__What you will do__:
Take the data below and extract the lines from the one with "then obtain S'" to the one with "using prime_ge_2_nat[OF assms(1)]", inclusive, exactly as written.

(Stored items)
=====

(* Let $m\geq 15$ and $k\geq 1$ be integers and let $c(x)=1+\sum_{j\in\{2,3,4,7\}}(x^j+x^{m-j})\in\mathbb{F}_2[x]$. Then $\gcd(c(x^k),x^m-1)=1$ if and only if $\gcd(m,3k)=\gcd(m,5k)=\gcd(m,k)$.
   Context: All polynomials are over $\mathbb{F}_2$. *)

theory Defs
  imports "HOL-Library.Z2" "HOL-Computational_Algebra.Polynomial"
begin

definition c_poly :: "nat \<Rightarrow> bit poly" where
  "c_poly m = 1 + (\<Sum>j\<in>{2,3,4,7::nat}. monom 1 j + monom 1 (m - j))"

end

theory Submission
  imports Defs "HOL-Computational_Algebra.Polynomial_Factorial" "HOL-Computational_Algebra.Field_as_Ring"
begin

text \<open>Write \<open>z = x^k\<close> and \<open>\<Phi>p(z) = 1 + z + ... + z^(p-1)\<close>, and work modulo \<open>x^m - 1\<close>,
  where \<open>z^m = 1\<close>. Multiplying \<open>c(z)\<close> by the unit \<open>z^7\<close> gives
  \<open>1 + z^3 + z^4 + z^5 + z^7 + z^9 + z^10 + z^11 + z^14\<close>, which over \<open>F\<^sub>2\<close> equals
  \<open>\<Phi>3(z) \<Phi>5(z)^3\<close>. So \<open>c(z)\<close> is coprime to \<open>x^m - 1\<close> iff \<open>\<Phi>3(z)\<close> and \<open>\<Phi>5(z)\<close> are.

  Let \<open>p\<close> be a prime that is a unit of the field. A common factor of \<open>\<Phi>p(x^k)\<close> and \<open>x^m - 1\<close>
  divides \<open>x^(pk) - 1\<close>, hence \<open>x^gcd(m,pk) - 1\<close>. If \<open>gcd(m,pk) = gcd(m,k)\<close> it therefore divides
  \<open>x^k - 1\<close>, which is coprime to \<open>\<Phi>p(x^k)\<close> because \<open>\<Phi>p(1) = p\<close>. Otherwise
  \<open>gcd(m,pk) = p g\<close> with \<open>g = gcd(m,k)\<close>, and the nonconstant \<open>\<Phi>p(x^g)\<close> divides both
  \<open>x^m - 1\<close> and \<open>\<Phi>p(x^k)\<close>.\<close>

text \<open>\<open>F\<^sub>2\<close> as a Euclidean ring with gcd, so that \<open>F\<^sub>2[x]\<close> inherits the gcd structure of
  polynomials over a field.\<close>

instantiation bit ::
  "{unique_euclidean_ring, normalization_euclidean_semiring, normalization_semidom_multiplicative}"
begin

definition [simp]: "normalize_bit = (normalize_field :: bit \<Rightarrow> _)"
definition [simp]: "unit_factor_bit = (unit_factor_field :: bit \<Rightarrow> _)"
definition [simp]: "euclidean_size_bit = (euclidean_size_field :: bit \<Rightarrow> _)"
definition [simp]: "division_segment (x :: bit) = 1"

instance
  by standard (auto simp: modulo_bit_def)

end

instantiation bit :: euclidean_ring_gcd
begin

definition "gcd_bit = (Euclidean_Algorithm.gcd :: bit \<Rightarrow> _)"
definition "lcm_bit = (Euclidean_Algorithm.lcm :: bit \<Rightarrow> _)"
definition "Gcd_bit = (Euclidean_Algorithm.Gcd :: bit set \<Rightarrow> _)"
definition "Lcm_bit = (Euclidean_Algorithm.Lcm :: bit set \<Rightarrow> _)"

instance
  by standard (simp_all add: gcd_bit_def lcm_bit_def Gcd_bit_def Lcm_bit_def)

end

instance bit :: field_gcd ..

lemma power_mult_diff_one_eq:
  fixes y :: "'a::comm_ring_1"
  shows "y ^ (p * k) - 1 = (y ^ k - 1) * (\<Sum>i<p. (y ^ k) ^ i)"
  unfolding mult.commute[of p k] power_mult by (rule power_diff_1_eq)

lemma power_diff_one_dvd:
  fixes y :: "'a::comm_ring_1"
  assumes "a dvd b"
  shows "y ^ a - 1 dvd y ^ b - 1"
proof -
  obtain c where "b = c * a"
    using assms by (metis dvdE mult.commute)
  then show ?thesis
    by (simp add: power_mult_diff_one_eq)
qed

lemma dvd_power_diff_one_gcd:
  fixes y d :: "'a::comm_ring_1"
  assumes "d dvd y ^ a - 1" and "d dvd y ^ b - 1"
  shows "d dvd y ^ gcd a b - 1"
  using assms
proof (induction a b rule: gcd_nat_induct)
  case (step a b)
  have "y ^ a - 1 = y ^ (a mod b) * (y ^ (b * (a div b)) - 1) + (y ^ (a mod b) - 1)"
    by (simp add: algebra_simps flip: power_add)
  moreover have "d dvd y ^ (b * (a div b)) - 1"
    using step.prems(2) power_diff_one_dvd[of b "b * (a div b)" y] dvd_trans by auto
  ultimately have "d dvd y ^ (a mod b) - 1"
    using step.prems(1) by (metis dvd_add_right_iff dvd_mult)
  then show ?case
    using step.IH step.prems(2) by (metis gcd_red_nat)
qed simp

lemma coprime_iff_of_dvd_diff:
  fixes a b n :: "'a::{comm_ring_1,algebraic_semidom}"
  assumes "n dvd a - b"
  shows "coprime a n \<longleftrightarrow> coprime b n"
proof -
  have "d dvd a \<longleftrightarrow> d dvd b" if "d dvd n" for d
  proof -
    have "d dvd a - b"
      using that assms by (rule dvd_trans)
    then show ?thesis
      using dvd_add_right_iff[of d "a - b" b] by simp
  qed
  then show ?thesis
    unfolding coprime_def by blast
qed

lemma coprime_geometric_sum_diff_one:
  fixes y :: "'a::{comm_ring_1,algebraic_semidom}"
  assumes "is_unit (of_nat p :: 'a)"
  shows "coprime (\<Sum>i<p. y ^ i) (y - 1)"
proof (rule coprimeI)
  fix d assume d_sum: "d dvd (\<Sum>i<p. y ^ i)" and d_diff: "d dvd y - 1"
  have "y - 1 dvd (\<Sum>i<p. y ^ i - 1)"
    by (intro dvd_sum) (metis power_one_right power_diff_one_dvd one_dvd)
  then have "d dvd (\<Sum>i<p. y ^ i) - of_nat p"
    using d_diff by (simp add: sum_subtractf dvd_trans)
  from dvd_diff[OF d_sum this] have "d dvd of_nat p"
    by simp
  then show "is_unit d"
    using assms dvd_unit_imp_unit by blast
qed

lemma coprime_geometric_sum_power_diff_one:
  fixes y :: "'a::{comm_ring_1,algebraic_semidom}"
  assumes "is_unit (of_nat p :: 'a)" and "gcd m (p * k) = gcd m k"
  shows "coprime (\<Sum>i<p. (y ^ k) ^ i) (y ^ m - 1)"
proof (rule coprimeI)
  fix d assume d_sum: "d dvd (\<Sum>i<p. (y ^ k) ^ i)" and d_m: "d dvd y ^ m - 1"
  have "d dvd y ^ (p * k) - 1"
    using d_sum by (simp add: power_mult_diff_one_eq)
  then have "d dvd y ^ gcd m k - 1"
    using dvd_power_diff_one_gcd[OF d_m] assms(2) by metis
  then have "d dvd y ^ k - 1"
    using power_diff_one_dvd[of "gcd m k" k y] dvd_trans by auto
  then show "is_unit d"
    using coprime_geometric_sum_diff_one[OF assms(1), of "y ^ k"] d_sum coprime_common_divisor by blast
qed

lemma geometric_sum_power_dvd:
  fixes y :: "'a::ring_gcd"
  assumes "is_unit (of_nat p :: 'a)" and "gcd (p * g) k = g"
  shows "(\<Sum>i<p. (y ^ g) ^ i) dvd (\<Sum>i<p. (y ^ k) ^ i)"
proof -
  have "coprime (\<Sum>i<p. (y ^ g) ^ i) (y ^ k - 1)"
  proof (rule coprimeI)
    fix d assume d_sum: "d dvd (\<Sum>i<p. (y ^ g) ^ i)" and d_k: "d dvd y ^ k - 1"
    have "d dvd y ^ (p * g) - 1"
      using d_sum by (simp add: power_mult_diff_one_eq)
    then have "d dvd y ^ g - 1"
      using dvd_power_diff_one_gcd[OF _ d_k] assms(2) by metis
    then show "is_unit d"
      using coprime_geometric_sum_diff_one[OF assms(1), of "y ^ g"] d_sum coprime_common_divisor by blast
  qed
  moreover have "y ^ (p * g) - 1 dvd y ^ (p * k) - 1"
    using assms(2) by (intro power_diff_one_dvd) (metis gcd_dvd2 mult_dvd_mono dvd_refl)
  then have "(\<Sum>i<p. (y ^ g) ^ i) dvd (\<Sum>i<p. (y ^ k) ^ i) * (y ^ k - 1)"
    unfolding power_mult_diff_one_eq by (metis dvd_mult_right mult.commute)
  ultimately show ?thesis
    by (simp add: coprime_dvd_mult_left_iff)
qed

lemma gcd_mult_prime_cases:
  fixes p m k :: nat
  assumes "prime p"
  shows "gcd m (p * k) = gcd m k \<or> gcd m (p * k) = p * gcd m k"
proof -
  have "gcd m k dvd gcd m (p * k)"
    by (simp add: gcd_mono)
  then obtain r where r: "gcd m (p * k) = gcd m k * r" ..
  have "gcd m (p * k) dvd gcd (p * m) (p * k)"
    by (simp add: gcd_mono)
  then have "gcd m k * r dvd gcd m k * p"
    by (metis r gcd_mult_distrib_nat mult.commute)
  then have "r dvd p \<or> gcd m k = 0"
    by auto
  then show ?thesis
    using r assms by (auto simp: prime_nat_iff)
qed

lemma degree_x_power_diff_one:
  "degree ([:0, 1::'a::comm_ring_1:] ^ n - 1) = n"
proof (cases "n = 0")
  case False
  have deg: "degree ([:0, 1::'a:] ^ n) = n"
    by (rule degree_linear_power)
  have "degree ([:0, 1::'a:] ^ n + (- 1)) = degree ([:0, 1::'a:] ^ n)"
    by (rule degree_add_eq_left) (use False deg in simp)
  then show ?thesis
    using deg by simp
qed simp

lemma not_is_unit_geometric_sum_x_power:
  assumes "p \<ge> 2" and "g > 0"
  shows "\<not> is_unit (\<Sum>i<p. ([:0, 1::'a::field:] ^ g) ^ i)"
proof
  let ?x = "[:0, 1::'a:]" and ?S = "\<Sum>i<p. ([:0, 1::'a:] ^ g) ^ i"
  assume "is_unit ?S"
  then obtain S' where "?S * S' = 1"
    by (auto elim: dvdE)
  then have "?x ^ g - 1 = (?x ^ (p * g) - 1) * S'"
    by (simp add: power_mult_diff_one_eq mult.assoc)
  then have "?x ^ (p * g) - 1 dvd ?x ^ g - 1"
    by (rule dvdI)
  moreover have "?x ^ g - 1 \<noteq> 0"
    using degree_x_power_diff_one[of g] assms(2) by (metis degree_0 neq0_conv)
  ultimately have "p * g \<le> g"
    using dvd_imp_degree_le degree_x_power_diff_one by metis
  then show False
    using assms mult_le_cancel2[of p g 1] by simp
qed

lemma coprime_geometric_sum_x_power_iff:
  fixes p m k :: nat
  assumes "prime p" and "of_nat p \<noteq> (0::'a::field_gcd)"
  shows "coprime (\<Sum>i<p. ([:0, 1::'a:] ^ k) ^ i) ([:0, 1:] ^ m - 1) \<longleftrightarrow> gcd m (p * k) = gcd m k"
proof
  let ?x = "[:0, 1::'a:]"
  have unit: "is_unit (of_nat p :: 'a poly)"
    using assms(2) by (simp add: of_nat_poly is_unit_const_poly_iff dvd_field_iff)
  show "gcd m (p * k) = gcd m k \<Longrightarrow> coprime (\<Sum>i<p. (?x ^ k) ^ i) (?x ^ m - 1)"
    by (rule coprime_geometric_sum_power_diff_one[OF unit])
  assume coprime: "coprime (\<Sum>i<p. (?x ^ k) ^ i) (?x ^ m - 1)"
  show "gcd m (p * k) = gcd m k"
  proof (rule ccontr)
    define g where "g = gcd m k"
    let ?S = "\<Sum>i<p. (?x ^ g) ^ i"
    assume "gcd m (p * k) \<noteq> gcd m k"
    then have pg: "gcd m (p * k) = p * g" and "g > 0"
      using gcd_mult_prime_cases[OF assms(1)] by (auto simp: g_def)
    have "gcd (p * g) k = g"
      unfolding g_def pg[unfolded g_def, symmetric] by (simp add: gcd.assoc)
    then have "?S dvd (\<Sum>i<p. (?x ^ k) ^ i)"
      by (rule geometric_sum_power_dvd[OF unit])
    moreover have "?x ^ (p * g) - 1 dvd ?x ^ m - 1"
      by (rule power_diff_one_dvd) (metis pg gcd_dvd1)
    then have "?S dvd ?x ^ m - 1"
      unfolding power_mult_diff_one_eq by (metis dvd_mult_right)
    ultimately have "is_unit ?S"
      using coprime coprime_common_divisor by blast
    moreover have "\<not> is_unit ?S"
      using prime_ge_2_nat[OF assms(1)] \<open>g > 0\<close> by (rule not_is_unit_geometric_sum_x_power)
    ultimately show False
      by contradiction
  qed
qed

lemma pcompose_power: "pcompose (p ^ n) q = pcompose p q ^ n"
  by (induction n) (simp_all add: pcompose_mult pcompose_1)

lemma pcompose_monom_one: "pcompose (monom (1::'a::comm_ring_1) n) q = q ^ n"
  by (simp add: monom_altdef pcompose_power pcompose_pCons)

lemma sum3_mult_sum5_cube_char_2:
  fixes z :: "'a::comm_ring_1"
  assumes "(2::'a) = 0"
  shows "(\<Sum>i<3. z ^ i) * (\<Sum>i<5. z ^ i) ^ 3
    = 1 + z^3 + z^4 + z^5 + z^7 + z^9 + z^10 + z^11 + z^14"
proof -
  have "(\<Sum>i<3. z ^ i) * (\<Sum>i<5. z ^ i) ^ 3 = (1 + z + z^2) * (1 + z + z^2 + z^3 + z^4) ^ 3"
    by (simp add: eval_nat_numeral)
  also have "\<dots> = (1 + z^3 + z^4 + z^5 + z^7 + z^9 + z^10 + z^11 + z^14) +
    2 * (2*z + 5*z^2 + 9*z^3 + 15*z^4 + 21*z^5 + 26*z^6 + 27*z^7 + 26*z^8 + 21*z^9 + 15*z^10
      + 9*z^11 + 5*z^12 + 2*z^13)"
    by (simp add: algebra_simps power3_eq_cube power2_eq_square eval_nat_numeral)
  finally show ?thesis
    using assms by simp
qed

lemma c_poly_pcompose_congruence:
  fixes q :: "bit poly"
  assumes "m \<ge> 7"
  shows "q ^ 7 * pcompose (c_poly m) q - (\<Sum>i<3. q ^ i) * (\<Sum>i<5. q ^ i) ^ 3
    = (q ^ m - 1) * (1 + q ^ 3 + q ^ 4 + q ^ 5)"
proof -
  have reflect: "q ^ 7 * q ^ (m - j) = q ^ m * q ^ (7 - j)" if "j \<le> 7" for j
  proof -
    have "7 + (m - j) = m + (7 - j)"
      using that assms by simp
    then show ?thesis
      by (metis power_add)
  qed
  have "q ^ 7 * pcompose (c_poly m) q
    = q ^ 7 + q ^ 9 + q ^ 10 + q ^ 11 + q ^ 14 + q ^ m * (1 + q ^ 3 + q ^ 4 + q ^ 5)"
    unfolding c_poly_def
    using reflect[of 2] reflect[of 3] reflect[of 4] reflect[of 7]
    by (simp add: pcompose_add pcompose_sum pcompose_1 pcompose_monom_one algebra_simps
        flip: power_add)
  moreover have "(\<Sum>i<3. q ^ i) * (\<Sum>i<5. q ^ i) ^ 3
    = 1 + q^3 + q^4 + q^5 + q^7 + q^9 + q^10 + q^11 + q^14"
    by (rule sum3_mult_sum5_cube_char_2) (simp add: numeral_poly)
  ultimately show ?thesis
    by (simp add: algebra_simps)
qed

theorem proposition6:
  fixes m k :: nat
  assumes "m \<ge> 15" and "k \<ge> 1"
  shows "coprime (pcompose (c_poly m) (monom 1 k)) (monom 1 m - 1)
    \<longleftrightarrow> (gcd m (3 * k) = gcd m k \<and> gcd m (5 * k) = gcd m k)"
proof -
  define x where "x = [:0, 1::bit:]"
  define q where "q = x ^ k"
  have "x ^ m - 1 dvd q ^ m - 1"
    unfolding q_def power_mult[symmetric] by (rule power_diff_one_dvd) simp
  then have "x ^ m - 1 dvd q ^ 7 * pcompose (c_poly m) q - (\<Sum>i<3. q ^ i) * (\<Sum>i<5. q ^ i) ^ 3"
    using c_poly_pcompose_congruence[of m q] assms(1) by simp
  then have "coprime (q ^ 7 * pcompose (c_poly m) q) (x ^ m - 1)
      \<longleftrightarrow> coprime ((\<Sum>i<3. q ^ i) * (\<Sum>i<5. q ^ i) ^ 3) (x ^ m - 1)"
    by (rule coprime_iff_of_dvd_diff)
  moreover have "coprime (x ^ m - 1) x"
    using coprime_diff_one_left[of "x ^ m"] assms(1) by simp
  then have "coprime q (x ^ m - 1)"
    by (simp add: q_def coprime_commute)
  ultimately have "coprime (pcompose (c_poly m) q) (x ^ m - 1)
      \<longleftrightarrow> coprime (\<Sum>i<3. q ^ i) (x ^ m - 1) \<and> coprime (\<Sum>i<5. q ^ i) (x ^ m - 1)"
    by simp
  moreover have "coprime (\<Sum>i<3. q ^ i) (x ^ m - 1) \<longleftrightarrow> gcd m (3 * k) = gcd m k"
    and "coprime (\<Sum>i<5. q ^ i) (x ^ m - 1) \<longleftrightarrow> gcd m (5 * k) = gcd m k"
    unfolding q_def x_def by (rule coprime_geometric_sum_x_power_iff; simp)+
  moreover have "pcompose (c_poly m) (monom 1 k) = pcompose (c_poly m) q"
    and "monom 1 m - 1 = x ^ m - 1"
    by (simp_all add: q_def x_def monom_altdef)
  ultimately show ?thesis
    by simp
qed

end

=====

__Exercise result__:
  then obtain S' where "?S * S' = 1"
    by (auto elim: dvdE)
  then have "?x ^ g - 1 = (?x ^ (p * g) - 1) * S'"
    by (simp add: power_mult_diff_one_eq mult.assoc)
  then have "?x ^ (p * g) - 1 dvd ?x ^ g - 1"
    by (rule dvdI)
  moreover have "?x ^ g - 1 \<noteq> 0"
    using degree_x_power_diff_one[of g] assms(2) by (metis degree_0 neq0_conv)
  ultimately have "p * g \<le> g"
    using dvd_imp_degree_le degree_x_power_diff_one by metis
  then show False
    using assms mult_le_cancel2[of p g 1] by simp
qed

lemma coprime_geometric_sum_x_power_iff:
  fixes p m k :: nat
  assumes "prime p" and "of_nat p \<noteq> (0::'a::field_gcd)"
  shows "coprime (\<Sum>i<p. ([:0, 1::'a:] ^ k) ^ i) ([:0, 1:] ^ m - 1) \<longleftrightarrow> gcd m (p * k) = gcd m k"
proof
  let ?x = "[:0, 1::'a:]"
  have unit: "is_unit (of_nat p :: 'a poly)"
    using assms(2) by (simp add: of_nat_poly is_unit_const_poly_iff dvd_field_iff)
  show "gcd m (p * k) = gcd m k \<Longrightarrow> coprime (\<Sum>i<p. (?x ^ k) ^ i) (?x ^ m - 1)"
    by (rule coprime_geometric_sum_power_diff_one[OF unit])
  assume coprime: "coprime (\<Sum>i<p. (?x ^ k) ^ i) (?x ^ m - 1)"
  show "gcd m (p * k) = gcd m k"
  proof (rule ccontr)
    define g where "g = gcd m k"
    let ?S = "\<Sum>i<p. (?x ^ g) ^ i"
    assume "gcd m (p * k) \<noteq> gcd m k"
    then have pg: "gcd m (p * k) = p * g" and "g > 0"
      using gcd_mult_prime_cases[OF assms(1)] by (auto simp: g_def)
    have "gcd (p * g) k = g"
      unfolding g_def pg[unfolded g_def, symmetric] by (simp add: gcd.assoc)
    then have "?S dvd (\<Sum>i<p. (?x ^ k) ^ i)"
      by (rule geometric_sum_power_dvd[OF unit])
    moreover have "?x ^ (p * g) - 1 dvd ?x ^ m - 1"
      by (rule power_diff_one_dvd) (metis pg gcd_dvd1)
    then have "?S dvd ?x ^ m - 1"
      unfolding power_mult_diff_one_eq by (metis dvd_mult_right)
    ultimately have "is_unit ?S"
      using coprime coprime_common_divisor by blast
    moreover have "\<not> is_unit ?S"
      using prime_ge_2_nat[OF assms(1)] \<open>g > 0\<close> by (rule not_is_unit_geometric_sum_x_power)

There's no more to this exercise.